TO DO: Your job with the data below: print everything from the line that holds "V \<Longrightarrow> v" down to the line that holds "unfolding orbit_of_def using", ends included, exactly, and nothing else.

DATASET:
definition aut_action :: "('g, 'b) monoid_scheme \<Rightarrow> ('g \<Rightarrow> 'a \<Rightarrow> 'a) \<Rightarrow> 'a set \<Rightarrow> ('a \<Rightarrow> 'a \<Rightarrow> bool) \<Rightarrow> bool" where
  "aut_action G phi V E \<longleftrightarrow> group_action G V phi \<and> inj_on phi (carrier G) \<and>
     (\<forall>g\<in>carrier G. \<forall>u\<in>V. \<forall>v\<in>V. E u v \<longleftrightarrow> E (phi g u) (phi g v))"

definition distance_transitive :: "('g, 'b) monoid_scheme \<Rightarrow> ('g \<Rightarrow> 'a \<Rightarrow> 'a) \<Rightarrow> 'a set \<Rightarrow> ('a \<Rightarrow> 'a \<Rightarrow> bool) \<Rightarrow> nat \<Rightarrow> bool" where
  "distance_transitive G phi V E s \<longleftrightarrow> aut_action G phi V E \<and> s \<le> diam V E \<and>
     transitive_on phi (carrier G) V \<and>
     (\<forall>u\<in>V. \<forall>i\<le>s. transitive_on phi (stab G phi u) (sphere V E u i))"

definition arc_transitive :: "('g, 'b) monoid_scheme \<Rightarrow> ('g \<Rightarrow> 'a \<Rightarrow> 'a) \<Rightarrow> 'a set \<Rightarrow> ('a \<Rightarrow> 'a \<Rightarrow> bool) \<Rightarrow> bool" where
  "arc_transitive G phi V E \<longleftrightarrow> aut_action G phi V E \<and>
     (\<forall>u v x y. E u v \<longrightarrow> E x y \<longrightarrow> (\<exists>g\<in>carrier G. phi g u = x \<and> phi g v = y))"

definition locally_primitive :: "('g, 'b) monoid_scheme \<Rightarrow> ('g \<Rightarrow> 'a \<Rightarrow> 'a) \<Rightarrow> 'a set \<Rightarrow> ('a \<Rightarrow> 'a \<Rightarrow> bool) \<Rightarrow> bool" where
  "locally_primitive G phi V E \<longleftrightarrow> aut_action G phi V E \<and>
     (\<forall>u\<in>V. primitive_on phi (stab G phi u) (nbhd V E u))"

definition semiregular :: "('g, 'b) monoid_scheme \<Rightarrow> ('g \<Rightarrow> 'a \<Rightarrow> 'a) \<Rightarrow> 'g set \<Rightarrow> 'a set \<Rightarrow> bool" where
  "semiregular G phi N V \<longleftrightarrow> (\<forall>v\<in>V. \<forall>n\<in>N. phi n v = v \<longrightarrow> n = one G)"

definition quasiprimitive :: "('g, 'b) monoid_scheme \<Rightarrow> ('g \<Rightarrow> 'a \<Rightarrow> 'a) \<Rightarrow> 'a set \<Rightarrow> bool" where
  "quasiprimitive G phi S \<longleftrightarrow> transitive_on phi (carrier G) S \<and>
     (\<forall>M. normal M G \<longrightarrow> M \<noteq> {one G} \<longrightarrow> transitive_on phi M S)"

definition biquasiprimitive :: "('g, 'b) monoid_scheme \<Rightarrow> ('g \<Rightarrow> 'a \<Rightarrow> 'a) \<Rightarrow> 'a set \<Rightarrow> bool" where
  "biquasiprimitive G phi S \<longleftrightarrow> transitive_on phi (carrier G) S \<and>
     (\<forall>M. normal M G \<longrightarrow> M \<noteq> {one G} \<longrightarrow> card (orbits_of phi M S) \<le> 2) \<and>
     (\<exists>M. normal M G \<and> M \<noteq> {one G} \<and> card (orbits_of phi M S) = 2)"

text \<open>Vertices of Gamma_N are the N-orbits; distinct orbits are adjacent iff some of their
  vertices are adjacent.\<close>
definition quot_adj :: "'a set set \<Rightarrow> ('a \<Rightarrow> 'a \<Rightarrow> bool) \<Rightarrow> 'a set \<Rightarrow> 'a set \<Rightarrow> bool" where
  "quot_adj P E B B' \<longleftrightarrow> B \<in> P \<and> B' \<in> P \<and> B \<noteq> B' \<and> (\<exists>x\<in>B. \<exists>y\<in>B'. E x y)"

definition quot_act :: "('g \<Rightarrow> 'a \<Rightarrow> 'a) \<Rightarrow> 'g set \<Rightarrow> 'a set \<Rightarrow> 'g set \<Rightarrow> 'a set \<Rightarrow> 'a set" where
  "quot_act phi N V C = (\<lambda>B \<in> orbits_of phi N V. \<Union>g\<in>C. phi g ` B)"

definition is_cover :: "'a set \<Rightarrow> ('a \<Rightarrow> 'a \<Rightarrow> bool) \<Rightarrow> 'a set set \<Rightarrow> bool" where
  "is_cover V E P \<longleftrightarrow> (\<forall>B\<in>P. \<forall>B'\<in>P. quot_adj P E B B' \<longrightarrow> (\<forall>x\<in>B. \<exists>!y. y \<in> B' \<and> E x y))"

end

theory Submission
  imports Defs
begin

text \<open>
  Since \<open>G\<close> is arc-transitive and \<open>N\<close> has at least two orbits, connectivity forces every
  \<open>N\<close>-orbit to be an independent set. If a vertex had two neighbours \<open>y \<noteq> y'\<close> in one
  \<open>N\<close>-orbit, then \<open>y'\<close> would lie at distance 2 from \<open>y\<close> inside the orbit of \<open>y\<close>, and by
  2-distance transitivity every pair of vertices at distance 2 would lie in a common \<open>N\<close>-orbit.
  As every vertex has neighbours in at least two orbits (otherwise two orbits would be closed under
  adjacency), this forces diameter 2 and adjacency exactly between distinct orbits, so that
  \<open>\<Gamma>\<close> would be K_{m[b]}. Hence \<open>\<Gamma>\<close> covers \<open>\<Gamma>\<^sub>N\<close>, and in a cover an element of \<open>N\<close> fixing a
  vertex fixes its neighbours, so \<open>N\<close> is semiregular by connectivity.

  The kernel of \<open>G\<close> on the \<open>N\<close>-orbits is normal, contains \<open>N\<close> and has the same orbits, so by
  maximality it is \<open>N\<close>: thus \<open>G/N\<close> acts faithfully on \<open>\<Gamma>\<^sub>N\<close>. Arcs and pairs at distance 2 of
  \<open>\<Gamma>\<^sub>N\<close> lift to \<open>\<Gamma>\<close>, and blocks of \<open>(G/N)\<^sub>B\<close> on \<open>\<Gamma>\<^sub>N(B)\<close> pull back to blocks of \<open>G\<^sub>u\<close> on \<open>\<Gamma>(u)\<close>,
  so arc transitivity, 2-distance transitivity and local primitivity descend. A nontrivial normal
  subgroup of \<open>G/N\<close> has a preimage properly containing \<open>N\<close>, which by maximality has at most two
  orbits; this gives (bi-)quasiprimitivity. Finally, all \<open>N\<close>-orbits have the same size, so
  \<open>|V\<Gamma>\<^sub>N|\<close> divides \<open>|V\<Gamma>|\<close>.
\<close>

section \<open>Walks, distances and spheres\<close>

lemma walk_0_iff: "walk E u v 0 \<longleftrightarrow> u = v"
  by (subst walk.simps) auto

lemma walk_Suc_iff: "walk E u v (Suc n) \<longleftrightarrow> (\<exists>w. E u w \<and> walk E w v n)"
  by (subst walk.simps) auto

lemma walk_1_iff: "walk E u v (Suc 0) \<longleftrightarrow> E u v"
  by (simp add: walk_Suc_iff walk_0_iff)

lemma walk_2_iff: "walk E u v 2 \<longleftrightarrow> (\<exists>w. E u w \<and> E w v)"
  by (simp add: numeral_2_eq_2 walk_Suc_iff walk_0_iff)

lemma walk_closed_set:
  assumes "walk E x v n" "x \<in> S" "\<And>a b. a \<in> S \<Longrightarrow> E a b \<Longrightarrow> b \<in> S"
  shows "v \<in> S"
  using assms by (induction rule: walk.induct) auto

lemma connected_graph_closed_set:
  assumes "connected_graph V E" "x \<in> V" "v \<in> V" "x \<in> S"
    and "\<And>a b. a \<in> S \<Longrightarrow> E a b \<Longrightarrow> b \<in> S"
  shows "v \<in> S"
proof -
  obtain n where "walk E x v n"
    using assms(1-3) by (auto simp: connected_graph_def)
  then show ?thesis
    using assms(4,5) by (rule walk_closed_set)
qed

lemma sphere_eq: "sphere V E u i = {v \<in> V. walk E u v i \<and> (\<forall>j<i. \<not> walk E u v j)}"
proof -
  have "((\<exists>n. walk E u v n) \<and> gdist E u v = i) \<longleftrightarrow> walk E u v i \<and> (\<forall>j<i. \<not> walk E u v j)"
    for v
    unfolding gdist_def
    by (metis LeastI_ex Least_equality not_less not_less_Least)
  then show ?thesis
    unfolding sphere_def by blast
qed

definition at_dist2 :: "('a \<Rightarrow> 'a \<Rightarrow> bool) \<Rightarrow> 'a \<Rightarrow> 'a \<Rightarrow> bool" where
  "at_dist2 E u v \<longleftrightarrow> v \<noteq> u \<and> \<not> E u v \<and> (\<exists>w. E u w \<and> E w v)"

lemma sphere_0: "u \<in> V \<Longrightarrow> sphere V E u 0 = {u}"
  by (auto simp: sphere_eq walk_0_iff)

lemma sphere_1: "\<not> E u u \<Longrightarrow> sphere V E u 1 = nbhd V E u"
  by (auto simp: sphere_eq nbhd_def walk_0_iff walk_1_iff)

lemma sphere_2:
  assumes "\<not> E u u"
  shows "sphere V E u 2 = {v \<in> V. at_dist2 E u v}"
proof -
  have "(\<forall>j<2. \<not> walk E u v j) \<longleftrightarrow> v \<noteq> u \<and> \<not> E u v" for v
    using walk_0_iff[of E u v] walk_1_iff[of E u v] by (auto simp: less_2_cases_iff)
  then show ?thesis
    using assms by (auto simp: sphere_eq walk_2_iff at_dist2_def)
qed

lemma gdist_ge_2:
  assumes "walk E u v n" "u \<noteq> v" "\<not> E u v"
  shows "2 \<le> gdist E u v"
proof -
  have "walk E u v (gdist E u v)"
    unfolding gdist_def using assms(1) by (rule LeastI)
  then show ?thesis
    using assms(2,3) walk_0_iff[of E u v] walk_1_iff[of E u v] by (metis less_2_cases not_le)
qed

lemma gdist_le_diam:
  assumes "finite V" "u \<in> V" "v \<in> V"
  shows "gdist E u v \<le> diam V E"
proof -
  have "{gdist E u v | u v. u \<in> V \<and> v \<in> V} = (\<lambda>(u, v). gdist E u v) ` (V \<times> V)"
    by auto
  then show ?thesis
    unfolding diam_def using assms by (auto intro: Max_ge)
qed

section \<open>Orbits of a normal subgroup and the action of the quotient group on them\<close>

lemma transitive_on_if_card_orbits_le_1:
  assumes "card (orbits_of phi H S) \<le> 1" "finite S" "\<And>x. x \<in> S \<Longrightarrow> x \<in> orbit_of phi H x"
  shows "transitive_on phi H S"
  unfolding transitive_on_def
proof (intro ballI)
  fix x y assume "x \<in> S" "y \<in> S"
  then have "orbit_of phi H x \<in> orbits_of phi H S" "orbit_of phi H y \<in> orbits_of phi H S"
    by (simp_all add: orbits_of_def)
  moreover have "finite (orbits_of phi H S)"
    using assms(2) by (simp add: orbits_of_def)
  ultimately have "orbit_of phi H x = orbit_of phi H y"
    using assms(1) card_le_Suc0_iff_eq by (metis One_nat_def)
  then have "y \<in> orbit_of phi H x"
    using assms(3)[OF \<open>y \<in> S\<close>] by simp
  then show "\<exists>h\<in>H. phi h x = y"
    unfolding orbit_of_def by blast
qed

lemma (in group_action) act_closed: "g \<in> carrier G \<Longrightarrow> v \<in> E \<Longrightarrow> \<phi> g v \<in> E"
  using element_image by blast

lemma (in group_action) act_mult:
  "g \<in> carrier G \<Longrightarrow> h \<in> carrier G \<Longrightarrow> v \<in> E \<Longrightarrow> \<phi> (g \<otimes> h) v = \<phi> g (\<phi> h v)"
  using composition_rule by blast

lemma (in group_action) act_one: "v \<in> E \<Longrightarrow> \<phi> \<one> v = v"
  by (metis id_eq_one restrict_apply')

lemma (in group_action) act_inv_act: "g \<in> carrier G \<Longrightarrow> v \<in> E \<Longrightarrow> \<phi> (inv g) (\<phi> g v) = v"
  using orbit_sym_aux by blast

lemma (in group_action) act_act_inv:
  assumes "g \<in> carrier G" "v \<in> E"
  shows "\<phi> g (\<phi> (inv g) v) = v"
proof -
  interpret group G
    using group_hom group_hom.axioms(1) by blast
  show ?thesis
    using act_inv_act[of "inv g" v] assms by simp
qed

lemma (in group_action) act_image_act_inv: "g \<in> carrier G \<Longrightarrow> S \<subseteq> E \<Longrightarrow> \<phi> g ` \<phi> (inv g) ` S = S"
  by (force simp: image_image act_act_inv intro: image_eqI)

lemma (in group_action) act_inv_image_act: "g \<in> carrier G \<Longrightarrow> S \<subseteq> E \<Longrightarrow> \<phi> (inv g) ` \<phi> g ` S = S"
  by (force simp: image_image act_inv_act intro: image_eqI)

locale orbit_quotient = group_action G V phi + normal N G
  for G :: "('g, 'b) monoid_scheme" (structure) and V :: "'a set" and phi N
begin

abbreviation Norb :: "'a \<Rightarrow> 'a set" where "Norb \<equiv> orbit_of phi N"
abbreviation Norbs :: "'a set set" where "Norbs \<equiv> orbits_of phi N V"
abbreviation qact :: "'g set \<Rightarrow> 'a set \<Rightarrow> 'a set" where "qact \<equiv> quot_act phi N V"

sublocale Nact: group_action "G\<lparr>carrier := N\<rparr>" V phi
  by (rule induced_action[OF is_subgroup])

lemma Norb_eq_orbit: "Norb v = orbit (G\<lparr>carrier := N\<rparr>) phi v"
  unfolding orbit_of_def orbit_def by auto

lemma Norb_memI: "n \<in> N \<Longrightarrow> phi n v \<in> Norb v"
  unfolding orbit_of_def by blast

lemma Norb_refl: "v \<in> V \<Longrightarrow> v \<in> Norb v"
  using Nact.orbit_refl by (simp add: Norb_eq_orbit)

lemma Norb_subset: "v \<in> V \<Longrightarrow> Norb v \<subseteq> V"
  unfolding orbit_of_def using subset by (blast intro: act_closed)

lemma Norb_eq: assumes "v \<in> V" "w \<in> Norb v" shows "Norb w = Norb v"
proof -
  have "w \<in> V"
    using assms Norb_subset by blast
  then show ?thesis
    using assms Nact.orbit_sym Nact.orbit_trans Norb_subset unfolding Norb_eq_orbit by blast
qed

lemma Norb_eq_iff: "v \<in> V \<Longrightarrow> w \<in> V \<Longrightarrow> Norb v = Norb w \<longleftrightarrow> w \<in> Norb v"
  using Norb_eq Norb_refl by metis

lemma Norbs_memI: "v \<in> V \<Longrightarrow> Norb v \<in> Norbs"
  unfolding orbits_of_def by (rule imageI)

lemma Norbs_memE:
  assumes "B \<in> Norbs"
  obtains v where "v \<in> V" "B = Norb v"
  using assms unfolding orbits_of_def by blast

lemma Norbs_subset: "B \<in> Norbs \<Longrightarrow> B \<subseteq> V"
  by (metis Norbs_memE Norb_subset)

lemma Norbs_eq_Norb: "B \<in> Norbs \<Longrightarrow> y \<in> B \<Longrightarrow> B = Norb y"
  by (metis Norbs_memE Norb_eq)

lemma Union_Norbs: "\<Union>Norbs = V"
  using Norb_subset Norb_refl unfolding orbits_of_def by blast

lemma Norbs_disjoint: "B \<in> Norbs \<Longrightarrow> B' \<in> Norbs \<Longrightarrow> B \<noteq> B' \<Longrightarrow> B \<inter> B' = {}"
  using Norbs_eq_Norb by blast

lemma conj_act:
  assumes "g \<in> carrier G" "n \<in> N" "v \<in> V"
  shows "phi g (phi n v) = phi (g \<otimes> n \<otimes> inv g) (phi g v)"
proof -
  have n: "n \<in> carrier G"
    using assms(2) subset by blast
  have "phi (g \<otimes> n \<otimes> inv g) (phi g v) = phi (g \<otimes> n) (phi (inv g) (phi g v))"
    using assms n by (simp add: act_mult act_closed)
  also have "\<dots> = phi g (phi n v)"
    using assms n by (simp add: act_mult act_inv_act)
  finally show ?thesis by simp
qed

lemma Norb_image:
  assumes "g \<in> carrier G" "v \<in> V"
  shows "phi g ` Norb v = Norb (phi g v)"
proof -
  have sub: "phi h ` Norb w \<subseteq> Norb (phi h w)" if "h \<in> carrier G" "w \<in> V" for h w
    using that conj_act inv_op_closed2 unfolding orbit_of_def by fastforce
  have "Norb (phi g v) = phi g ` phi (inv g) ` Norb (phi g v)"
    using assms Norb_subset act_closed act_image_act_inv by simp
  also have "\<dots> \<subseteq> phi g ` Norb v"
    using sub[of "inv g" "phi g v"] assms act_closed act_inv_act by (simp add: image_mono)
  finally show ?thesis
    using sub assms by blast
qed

EXERCISE ANSWER:
lemma Norb_refl: "v \<in> V \<Longrightarrow> v \<in> Norb v"
  using Nact.orbit_refl by (simp add: Norb_eq_orbit)

lemma Norb_subset: "v \<in> V \<Longrightarrow> Norb v \<subseteq> V"
  unfolding orbit_of_def using subset by (blast intro: act_closed)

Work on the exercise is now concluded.